Hi, I have a ~1TB large dataset stored at the HF hub. I can download this on my disk and read it successfully. Nevertheless, it’s large enough that I can’t fit it in my RAM.
What is the best practice for training a model on such a dataset?
I tried loading the dataset with load_dataset(..., streaming=True) and then having two buffers: one that is being loaded by training process onto GPU and one that, in a separate thread, streams from the dataset and fills up the other buffer. Then, when the initial training buffer starts running low, I swap out the buffers and refill the other buffer in a new thread. This wasn’t super successful since loading from the disk was still the bottleneck.
Dealing with a dataset that’s too big for your RAM can be tricky, but there are some great ways to make it work smoothly:
Stream Your Data:
Instead of loading the whole dataset into memory, you can stream it directly using load_dataset(..., streaming=True). This way, you only load what you need, when you need it, saving memory!
Shuffle Smartly:
While streaming, you can shuffle with a buffer to keep things random but still memory-efficient. A buffer of a few thousand examples usually works well.
Speed Up Loading:
If reading from disk is slowing you down, try breaking the dataset into smaller chunks beforehand. Smaller files load faster and keep things moving.
Prefetch Data:
You can load data in advance while your model is training to avoid waiting for the next batch. Frameworks like PyTorch or TensorFlow have prefetching options built in.
Use Cloud Storage:
If your disk is still slow, storing the dataset on a fast cloud service like AWS or GCP might help. You can stream the data directly from there with better speeds.
Memory Mapping:
If the dataset is too big for RAM but fits on your disk, you can load just the parts you need on the fly without keeping the whole thing in memory.
Split the Dataset:
You could split the dataset into smaller parts, then load one part at a time as needed. This keeps your memory usage low and training smooth.
streaming: I tried this, but it is just too slow. I tried even having separate threads here (as described in the post above) but was unsuccessful.
shuffle smartly: I didn’t find this to be a bottleneck
speed up loading: how?
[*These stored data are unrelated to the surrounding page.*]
lemma Yeps_before_multiple_of_4:
  assumes s: "s \<in> {splus, sminus}" and q: "q \<ge> 1"
    and W: "W = Ztil V Z0 eps (4 * q - 1)" and c: "c = 2 * gam hbar m eps"
  shows "Yeps hbar m V Z0 s f eps (4 * q - 1) = 1/4 * (f ((fst W + c, snd W), real (4 * q - 1) * eps)
    + f ((fst W - c, snd W), real (4 * q - 1) * eps) + f ((fst W, snd W + c), real (4 * q - 1) * eps)
    + f ((fst W, snd W - c), real (4 * q - 1) * eps))"
proof -
  have "4 * q - 1 = 3 + 4 * (q - 1)" using q by simp
  then have "(4 * q - 1) mod 4 = 3" by simp
  then have "(s ^^ (4 * q - 1)) (u j) = (s ^^ 3) (u j)" if "j \<in> {1..4}" for j
    using funpow_mod_eq[OF rotation_period_4[OF s that], of "4 * q - 1", symmetric] by simp
  then have "Yeps hbar m V Z0 s f eps (4 * q - 1) = 1/4 * (\<Sum>j\<in>{1..4}.
      f (W + cscale (gam hbar m eps) ((s ^^ 3) (u j) - u j), real (4 * q - 1) * eps))"
    by (simp add: Yeps_def Zeps_eq_Ztil W)
  then show ?thesis
    using rotation_displacements_sum[OF s, of "\<lambda>Y. f (Y, real (4 * q - 1) * eps)" W "gam hbar m eps"]
    by (simp add: c)
qed

lemma gam_square:
  assumes "hbar > 0" "m > 0" "eps \<ge> 0"
  shows "(2 * gam hbar m eps)\<^sup>2 = 4 * \<i> * complex_of_real (hbar / (2 * m)) * complex_of_real eps"
proof -
  have "(sqrt (hbar * eps / (4 * m)))\<^sup>2 = hbar * eps / (4 * m)"
    using assms by simp
  then have "(2 * gam hbar m eps)\<^sup>2 = 4 * (1 + \<i>)\<^sup>2 * complex_of_real (hbar * eps / (4 * m))"
    by (simp add: gam_def power_mult_distrib flip: of_real_power)
  also have "(1 + \<i>)\<^sup>2 = 2 * \<i>"
    by (simp add: power2_eq_square algebra_simps)
  also have "hbar * eps / (4 * m) = hbar / (2 * m) * eps / 2"
    by simp
  finally show ?thesis
    by simp
qed

lemma norm_gam:
  assumes "hbar > 0" "m > 0" "eps \<ge> 0"
  shows "cmod (gam hbar m eps) = sqrt (hbar * eps / (2 * m))"
proof -
  have "cmod (1 + \<i>) = sqrt 2"
    by (simp add: cmod_def)
  then have "cmod (gam hbar m eps) = sqrt 2 * sqrt (hbar * eps / (4 * m))"
    using assms by (simp add: gam_def norm_mult)
  also have "\<dots> = sqrt (hbar * eps / (2 * m))"
    by (simp flip: real_sqrt_mult)
  finally show ?thesis .
qed

lemma norm_two_gam_le:
  assumes "hbar > 0" "m > 0" "0 \<le> eps" "eps \<le> 1"
  shows "cmod (2 * gam hbar m eps) \<le> 2 * sqrt (hbar / (2 * m))"
proof -
  have "hbar * eps / (2 * m) \<le> hbar / (2 * m)"
    using assms by (simp add: divide_right_mono mult_left_le)
  then show ?thesis
    using norm_gam[OF assms(1-3)] by (simp add: norm_mult)
qed

section \<open>The Euler scheme and the classical trajectory\<close>

lemma frozen_time_bounds:
  assumes "0 \<le> eps"
  shows "real (4 * (Suc n div 4)) * eps \<le> real (Suc n) * eps"
    and "real (Suc n) * eps \<le> real (4 * (Suc n div 4)) * eps + 3 * eps"
proof -
  have "4 * (Suc n div 4) \<le> Suc n" "Suc n \<le> 4 * (Suc n div 4) + 3"
    by linarith+
  then have "real (4 * (Suc n div 4)) \<le> real (Suc n)" "real (Suc n) \<le> real (4 * (Suc n div 4) + 3)"
    by (simp_all only: of_nat_le_iff)
  then show "real (4 * (Suc n div 4)) * eps \<le> real (Suc n) * eps"
    and "real (Suc n) * eps \<le> real (4 * (Suc n div 4)) * eps + 3 * eps"
    using mult_right_mono assms by (fastforce simp: distrib_right)+
qed

lemma Ztil_norm_bound:
  assumes eps: "0 < eps" and V: "\<forall>\<tau>\<in>{0..T}. norm (V \<tau>) \<le> MV"
  shows "real n * eps \<le> T \<Longrightarrow> norm (Ztil V Z0 eps n) \<le> norm Z0 + real n * eps * MV"
proof (induction n)
  case 0
  then show ?case by simp
next
  case (Suc n)
  have "real (4 * (Suc n div 4)) * eps \<le> T"
    using frozen_time_bounds(1)[of eps n] eps Suc.prems by linarith
  then have "real (4 * (Suc n div 4)) * eps \<in> {0..T}"
    using eps by simp
  then have "norm (Ztil V Z0 eps (Suc n)) \<le> norm (Ztil V Z0 eps n) + eps * MV"
    using norm_triangle_ineq V eps by (simp add: order_trans[OF norm_triangle_ineq] mult_left_mono)
  also have "\<dots> \<le> norm Z0 + real (Suc n) * eps * MV"
    using Suc eps by (simp add: algebra_simps)
  finally show ?case .
qed

lemma Ztil_norm_le:
  assumes "0 < eps" and "0 \<le> MV" and "\<forall>\<tau>\<in>{0..T}. norm (V \<tau>) \<le> MV"
    and "real n * eps \<le> T"
  shows "norm (Ztil V Z0 eps n) \<le> norm Z0 + T * MV"
  by (rule order_trans[OF Ztil_norm_bound[OF assms(1,3,4)]]) (use mult_right_mono[OF assms(4,2)] in simp)

lemma Ztil_multiple_of_4_step:
  assumes "q \<ge> 1"
  shows "Ztil V Z0 eps (4 * q) = Ztil V Z0 eps (4 * q - 1) + eps *\<^sub>R V (real (4 * q) * eps)"
proof -
  define p where "p = 4 * q - 1"
  have p: "4 * q = Suc p"
    using assms by (simp add: p_def)
  have "Ztil V Z0 eps (Suc p) = Ztil V Z0 eps p + eps *\<^sub>R V (real (Suc p) * eps)"
    by (simp only: Ztil.simps) (simp add: p[symmetric])
  then show ?thesis
    unfolding p_def[symmetric] unfolding p .
qed

text \<open>On each step the Euler scheme uses \<open>V\<close> frozen at a time at most \<open>3 eps\<close> away, so
  the local error is at most \<open>3 L eps\<^sup>2\<close>.\<close>
lemma Ztil_trajectory_error:
  assumes eps: "0 < eps" and lip: "L-lipschitz_on {0..T} V"
    and Zc_init: "Zc 0 = Z0" and Zc_ode: "\<forall>t\<ge>0. (Zc has_vector_derivative V t) (at t within {0..})"
  shows "real n * eps \<le> T \<Longrightarrow> norm (Ztil V Z0 eps n - Zc (real n * eps)) \<le> 3 * L * eps * (real n * eps)"
proof (induction n)
  case 0
  then show ?case by (simp add: Zc_init)
next
  case (Suc n)
  define a where "a = real n * eps"
  define b where "b = real (Suc n) * eps"
  define c where "c = real (4 * (Suc n div 4)) * eps"
  have ab: "b = a + eps" by (simp add: a_def b_def algebra_simps)
  have cb: "c \<le> b" "b \<le> c + 3 * eps"
    using frozen_time_bounds[of eps n] eps by (simp_all add: b_def c_def)
  have bT: "b \<le> T" and a0: "0 \<le> a" and c0: "0 \<le> c"
    using Suc.prems eps by (simp_all add: a_def b_def c_def)
  let ?S = "{min a c..b}"
  have S: "?S \<subseteq> {0..T}" using a0 c0 bT by auto
  have "norm (Zc b - Zc a - (b - a) *\<^sub>R V c) \<le> norm (b - a) * (3 * L * eps)"
  proof (rule vector_differentiable_bound_linearization)
    show "(Zc has_vector_derivative V x) (at x within ?S)" if "x \<in> ?S" for x
    proof -
      have "(Zc has_vector_derivative V x) (at x within {0..})"
        using Zc_ode S that by auto
      then show ?thesis
        by (rule has_vector_derivative_within_subset) (use S in auto)
    qed
    show "closed_segment a b \<subseteq> ?S"
      using ab eps by (auto simp: closed_segment_eq_real_ivl)
    show "c \<in> ?S" using cb by auto
    show "norm (V x - V c) \<le> 3 * L * eps" if "x \<in> ?S" for x
    proof -
      have "norm (V x - V c) \<le> L * norm (x - c)"
        using lipschitz_on_normD[OF lip] S that \<open>c \<in> ?S\<close> by blast
      also have "\<dots> \<le> L * (3 * eps)"
        using that cb ab eps lipschitz_on_nonneg[OF lip] by (intro mult_left_mono) auto
      finally show ?thesis by simp
    qed
  qed
  then have step: "norm (Zc b - Zc a - eps *\<^sub>R V c) \<le> 3 * L * eps * eps"
    using eps by (simp add: ab mult_ac)
  have "real n * eps \<le> T"
    using bT ab eps unfolding a_def by linarith
  then have IH: "norm (Ztil V Z0 eps n - Zc a) \<le> 3 * L * eps * a"
    using Suc.IH by (simp add: a_def)
  have "Ztil V Z0 eps (Suc n) - Zc b = (Ztil V Z0 eps n - Zc a) - (Zc b - Zc a - eps *\<^sub>R V c)"
    by (simp add: c_def algebra_simps)
  also have "norm \<dots> \<le> 3 * L * eps * a + 3 * L * eps * eps"
    by (rule order_trans[OF norm_triangle_ineq4 add_mono[OF IH step]])
  also have "\<dots> = 3 * L * eps * b"
    by (simp add: ab algebra_simps)
  finally show ?case by (simp add: b_def)
qed

lemma C1_imp_lipschitz_on:
  fixes V :: "real \<Rightarrow> 'a::real_normed_vector"
  assumes "continuous_on {0..} V'" and "\<forall>t\<ge>0. (V has_vector_derivative V' t) (at t within {0..})"
  obtains L where "L-lipschitz_on {0..T} V"
proof -
  have "continuous_on {0..T} V'"
    using continuous_on_subset[OF assms(1)] by auto
  then obtain B where B_nonneg: "0 \<le> B" and B: "\<And>t. t \<in> {0..T} \<Longrightarrow> norm (V' t) \<le> B"
    using continuous_on_compact_norm_bound[OF compact_Icc] by metis
  have "norm (V x - V y) \<le> B * norm (x - y)" if "x \<in> {0..T}" "y \<in> {0..T}" for x y
  proof (rule differentiable_bound[where f' = "\<lambda>t h. h *\<^sub>R V' t"])
    show "(V has_derivative (\<lambda>h. h *\<^sub>R V' t)) (at t within {0..T})" if "t \<in> {0..T}" for t
      using assms(2) that has_vector_derivative_within_subset[of V "V' t" t "{0..}" "{0..T}"]
      by (auto simp: has_vector_derivative_def)
    show "onorm (\<lambda>h. h *\<^sub>R V' t) \<le> B" if "t \<in> {0..T}" for t
      using B[OF that] by (simp add: onorm_scaleR_left[OF bounded_linear_ident] onorm_id)
  qed (use that in auto)
  then have "B-lipschitz_on {0..T} V"
    using B_nonneg by (intro lipschitz_onI) (auto simp: dist_norm)
  then show ?thesis by (rule that)
qed

section \<open>Holomorphic functions of class \<open>C\<^sup>3\<close> on \<open>\<complex>\<^sup>2 \<times> \<real>\<close>\<close>

type_synonym spacetime = "(complex \<times> complex) \<times> real"

locale holomorphic_C3 =
  fixes f :: "spacetime \<Rightarrow> complex"
    and Df :: "spacetime \<Rightarrow> spacetime \<Rightarrow>\<^sub>L complex"
    and D2f :: "spacetime \<Rightarrow> spacetime \<Rightarrow>\<^sub>L (spacetime \<Rightarrow>\<^sub>L complex)"
    and D3f :: "spacetime \<Rightarrow> spacetime \<Rightarrow>\<^sub>L (spacetime \<Rightarrow>\<^sub>L (spacetime \<Rightarrow>\<^sub>L complex))"
  assumes Df: "\<And>x. (f has_derivative blinfun_apply (Df x)) (at x)"
    and D2f: "\<And>x. (Df has_derivative blinfun_apply (D2f x)) (at x)"
    and D3f: "\<And>x. (D2f has_derivative blinfun_apply (D3f x)) (at x)"
    and D3f_continuous: "continuous_on UNIV D3f"
    and holo: "\<forall>t. holo2 (\<lambda>Z. f (Z, t))"
begin

lemma Df_space: "Df (Z, t) ((h1, h2), 0) = d1 f Z t * h1 + d2 f Z t * h2"
proof -
  obtain z1 z2 where Z: "Z = (z1, z2)" by fastforce
  obtain D1 D2 where D: "((\<lambda>Z. f (Z, t)) has_derivative (\<lambda>h. D1 * fst h + D2 * snd h)) (at (z1, z2))"
    using holo unfolding holo2_def by blast
  have "((\<lambda>Z. (Z, t)) has_derivative (\<lambda>h. (h, 0))) (at (z1, z2))"
    by (auto intro!: derivative_eq_intros)
  from has_derivative_compose[OF this Df]
  have "((\<lambda>Z. f (Z, t)) has_derivative (\<lambda>h. Df ((z1, z2), t) (h, 0))) (at (z1, z2))"
    by (simp add: o_def)
  from has_derivative_unique[OF this D]
  have Df_eq: "Df ((z1, z2), t) (h, 0) = D1 * fst h + D2 * snd h" for h
    by (rule fun_cong)
  have "((\<lambda>w. (w, z2)) has_derivative (\<lambda>h. (h, 0))) (at z1)"
    by (auto intro!: derivative_eq_intros)
  from has_derivative_compose[OF this D]
  have "((\<lambda>w. f ((w, z2), t)) has_derivative (\<lambda>h. D1 * h)) (at z1)"
    by (simp add: o_def)
  then have "d1 f Z t = D1"
    unfolding d1_def Z by (intro DERIV_imp_deriv) (simp add: has_field_derivative_def)
  moreover have "((\<lambda>w. (z1, w)) has_derivative (\<lambda>h. (0, h))) (at z2)"
    by (auto intro!: derivative_eq_intros)
  from has_derivative_compose[OF this D]
  have "((\<lambda>w. f ((z1, w), t)) has_derivative (\<lambda>h. D2 * h)) (at z2)"
    by (simp add: o_def)
  then have "d2 f Z t = D2"
    unfolding d2_def Z by (intro DERIV_imp_deriv) (simp add: has_field_derivative_def)
  ultimately show ?thesis by (simp add: Df_eq Z)
qed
Ideally this would be multithreaded. My parquet files are about ~130MB size each. Each parquet file consists of multiple data samples.
prefetch data: I’ll try this
cloud storage: not an option really since everything is running at university’s HPC
memory mapping: Can you explain this further? Is this related to load_dataset()?
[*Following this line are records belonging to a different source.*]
lemma psd_mat_gram_nonneg:
  fixes r :: "'n::finite \<Rightarrow> 'a::real_inner"
  assumes B: "psd_mat B"
  shows "0 \<le> (\<Sum>i\<in>UNIV. \<Sum>j\<in>UNIV. B $ i $ j * inner (r i) (r j))"
proof -
  obtain E where E: "orthonormal_set E" "span E = span (range r)"
    using orthonormal_set_exists[of "range r"] by auto
  have "inner (r i) (r j) = (\<Sum>e\<in>E. inner e (r i) * inner e (r j))" for i j
    using E by (intro parseval_orthonormal_set) (auto intro: span_base)
  then have "(\<Sum>i\<in>UNIV. \<Sum>j\<in>UNIV. B $ i $ j * inner (r i) (r j))
      = (\<Sum>i\<in>UNIV. \<Sum>j\<in>UNIV. \<Sum>e\<in>E. B $ i $ j * inner e (r i) * inner e (r j))"
    by (simp add: sum_distrib_left mult.assoc)
  also have "\<dots> = (\<Sum>e\<in>E. \<Sum>i\<in>UNIV. \<Sum>j\<in>UNIV. B $ i $ j * inner e (r i) * inner e (r j))"
    by (subst sum.swap) (rule sum.cong[OF refl], rule sum.swap)
  also have "\<dots> \<ge> 0"
  proof (rule sum_nonneg)
    fix e
    show "0 \<le> (\<Sum>i\<in>UNIV. \<Sum>j\<in>UNIV. B $ i $ j * inner e (r i) * inner e (r j))"
      using psd_mat_quad_nonneg[OF B, of "\<lambda>i. inner e (r i)"] by simp
  qed
  finally show ?thesis .
qed

lemma embed_A_apply:
  "embed_A \<phi> x B h = (\<Sum>i\<in>UNIV. \<Sum>j\<in>UNIV. (B $ i $ j * inner (\<phi> (x j)) h) *\<^sub>R \<phi> (x i))"
  by (simp add: embed_A_def tensor_op_def)

lemma inner_embed_A:
  "inner u (embed_A \<phi> x B w)
    = (\<Sum>i\<in>UNIV. \<Sum>j\<in>UNIV. B $ i $ j * inner u (\<phi> (x i)) * inner (\<phi> (x j)) w)"
  by (simp add: embed_A_apply inner_sum_right mult.commute mult.left_commute)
split the dataset: I think this is what I tried with the buffers, but hit the wall
So, how do I cache the dataset to maximize RAM usage, and use memory mapping for the leftover part of the dataset? I tried following this but it wouldn’t really load RAM unless I load the dataset with load_dataset(keep_in_memory=True) which would then overload memory
Have you tried using a DataLoader with num_workers and prefetching ? This usually helps !
from datasets import load_dataset
from torch.utils.data import DataLoader
ds = load_dataset(..., streaming=True)
dl = DataLoader(ds, num_workers=..., prefetch_factor=...)
for example in dl:
...
Yes, I am having num_workers=8 and default prefetch_factor which is 2. I tried setting it to 4 but haven’t seen much difference.
My dataset is an imbalanced binary label type of a dataset. The splits are pos (1% samples) and neg (99% samples). I have a custom IterableDataset which implements __iter__ that pulls from positive samples and negative samples (with streaming=True on both pos and neg dataset), and constructs an evenly balanced minibatch. Previously, I tried having Dataset, which implements __getitem__ instead of IterableDataset (with streaming=False for pos and neg), but it seems like that’s slightly slower due to indexing. I haven’t really found a way how to leverage more RAM to make everything go faster. Seems like the bottleneck is I/O from the disk (I am using VAST storage)